Leurs prières ont apparemment été entendues puisque Sunac a repris le chantier suite à l’intervention du gouvernement local. Le groupe immobilier fait également partie de la liste blanche des 50 promoteurs qui vont voir leur accès aux financements facilité sur décision de Pékin. Liang Liang et Li Jun pourront finalement s’installer dans leur appartement dans un avenir proche. Une nouvelle qui les a poussés à rester à Zhengzhou malgré tout et à se lancer dans l’entreprenariat.
Néanmoins, cette « fin heureuse » a suscité le scepticisme des internautes, soupçonnant une intervention des autorités pour refaçonner le narratif du couple et ainsi sauver l’image de Zhengzhou, déjà écornée par des inondations gérées de manière désastreuse en 2021, puis par des manifestations d’épargnants lésés en 2022. « J’aurais dû moi aussi faire sensation sur internet, mon T4 me serait peut-être enfin livré », ironise un internaute. Car effectivement, le cas de Liang Liang et Li Jun est loin d’être isolé : des dizaines, voire centaines de milliers d’acquéreurs attendent encore que leur promoteur leur livre leur appartement. Une menace pour la stabilité sociale, aux yeux de Pékin.

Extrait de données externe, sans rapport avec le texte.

theorem lemma24:
  fixes \<nu> :: "'k::euclidean_space measure"
    and \<mu> \<mu>t :: "'d::euclidean_space measure"
    and G :: "('k \<Rightarrow> 'd) set"
    and F H :: "('d \<Rightarrow> real) set"
    and \<Omega> :: "'d set"
    and Z :: "nat \<Rightarrow> 'k" and m :: nat
    and eps :: real
    and gn gnm :: "'k \<Rightarrow> 'd"
  assumes nu: "prob_space \<nu>" "sets \<nu> = sets borel"
    and mu: "prob_space \<mu>" "sets \<mu> = sets borel"
    and mut: "prob_space \<mu>t" "sets \<mu>t = sets borel"
    and G_meas: "\<And>g. g \<in> G \<Longrightarrow> g \<in> borel_measurable borel"
    and F_nonempty: "F \<noteq> {}"
    and F_sym: "\<And>f. f \<in> F \<Longrightarrow> (\<lambda>x. - f x) \<in> F"
    and FH_meas: "\<And>f. f \<in> F \<union> H \<Longrightarrow> f \<in> borel_measurable borel"
    and FH_int_mu: "\<And>f. f \<in> F \<union> H \<Longrightarrow> integrable \<mu> f"
    and FH_int_mut: "\<And>f. f \<in> F \<union> H \<Longrightarrow> integrable \<mu>t f"
    and FH_int_push: "\<And>f g. f \<in> F \<union> H \<Longrightarrow> g \<in> G \<Longrightarrow> integrable (pushfwd g \<nu>) f"
    and mu_supp: "AE x in \<mu>. x \<in> \<Omega>"
    and push_supp: "\<And>g. g \<in> G \<Longrightarrow> AE x in pushfwd g \<nu>. x \<in> \<Omega>"
    and mut_supp: "AE x in \<mu>t. x \<in> \<Omega>"
    and m_pos: "m \<ge> 1"
    and eps_nonneg: "eps \<ge> 0"
    and gn: "gn \<in> G"
      "ipm F \<mu>t (pushfwd gn \<nu>) \<le> (INF \<phi>\<in>G. ipm F \<mu>t (pushfwd \<phi> \<nu>)) + ereal eps"
    and gnm: "gnm \<in> G"
      "ipm F \<mu>t (pushfwd gnm (empirical Z m))
         \<le> (INF \<phi>\<in>G. ipm F \<mu>t (pushfwd \<phi> (empirical Z m))) + ereal eps"
  shows "(ipm H \<mu> (pushfwd gn \<nu>)
           \<le> ereal eps + 2 * approx_err H F \<Omega> + (INF g\<in>G. ipm F \<mu>t (pushfwd g \<nu>))
             + min (ipm F \<mu> \<mu>t) (ipm H \<mu> \<mu>t))
         \<and> (ipm H \<mu> (pushfwd gnm \<nu>)
           \<le> ereal eps + 2 * approx_err H F \<Omega> + (INF g\<in>G. ipm F \<mu>t (pushfwd g \<nu>))
             + min (ipm F \<mu> \<mu>t) (ipm H \<mu> \<mu>t)
             + 2 * ipm (comp_class F G) \<nu> (empirical Z m))"
proof -
  let ?M = "min (ipm F \<mu> \<mu>t) (ipm H \<mu> \<mu>t)" and ?E = "2 * approx_err H F \<Omega>"
    and ?I = "INF g\<in>G. ipm F \<mu>t (pushfwd g \<nu>)"
  have via_surrogate: "ipm H \<mu> (pushfwd g \<nu>) \<le> ?M + ipm F \<mu>t (pushfwd g \<nu>) + ?E" if "g \<in> G" for g
  proof (rule ipm_le_via_surrogate[OF mu(1) mut(1) _ mu_supp mut_supp push_supp[OF that]
        FH_int_mu FH_int_mut FH_int_push[OF _ that]])
    have "g \<in> measurable \<nu> borel"
      using nu(2) G_meas[OF that] measurable_cong_sets by blast
    then show "prob_space (pushfwd g \<nu>)"
      unfolding pushfwd_def by (rule prob_space.prob_space_distr[OF nu(1)])
  qed
  have "ipm H \<mu> (pushfwd gn \<nu>) \<le> ?M + (?I + ereal eps) + ?E"
    using via_surrogate[OF gn(1)] gn(2) by (blast intro: order_trans add_mono order_refl)
  moreover have "ipm F \<mu>t (pushfwd gnm \<nu>) \<le> ?I + ereal eps + 2 * ipm (comp_class F G) \<nu> (empirical Z m)"
    using nu(2) _ G_meas F_nonempty F_sym _ gnm
  proof (rule near_optimal_pushfwd_transfer)
    show "sets (empirical Z m) = sets borel"
      by (simp add: empirical_def)
    show "f \<in> borel_measurable borel" if "f \<in> F" for f
      using FH_meas that by blast
  qed
  then have "ipm H \<mu> (pushfwd gnm \<nu>)
      \<le> ?M + (?I + ereal eps + 2 * ipm (comp_class F G) \<nu> (empirical Z m)) + ?E"
    using via_surrogate[OF gnm(1)] by (blast intro: order_trans add_mono order_refl)
  ultimately show ?thesis
    by (simp add: ac_simps)
qed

Voilà pourquoi le gouvernement suit la situation des promoteurs comme le lait sur le feu, le secteur immobilier et de la construction représentant encore hier un tiers du PIB chinois.
Même si la plupart des internautes ont exprimé de la sympathie envers le couple, d’autres remettent en question leurs choix de vie de « risqués et imprudents », voire vont jusqu’à affirmer que toute cette situation est de leur faute.
Bien sûr, les mésaventures de Liang Liang et Li Jun soulèvent de nombreuses questions : celle de la réglementation encadrant la vente sur plan, du surendettement des ménages et plus largement, des dangers que représente la bulle immobilière chinoise (le ratio prix du logement sur revenus annuels étant beaucoup trop élevé dans de nombreuses villes).
Plus fondamentalement, le fait que ces jeunes, autrefois confiants dans l’avenir, se retrouvent aujourd’hui désabusés, constitue un problème socio-économique encore plus sérieux que la crise immobilière, ou du moins, plus complexe à résoudre.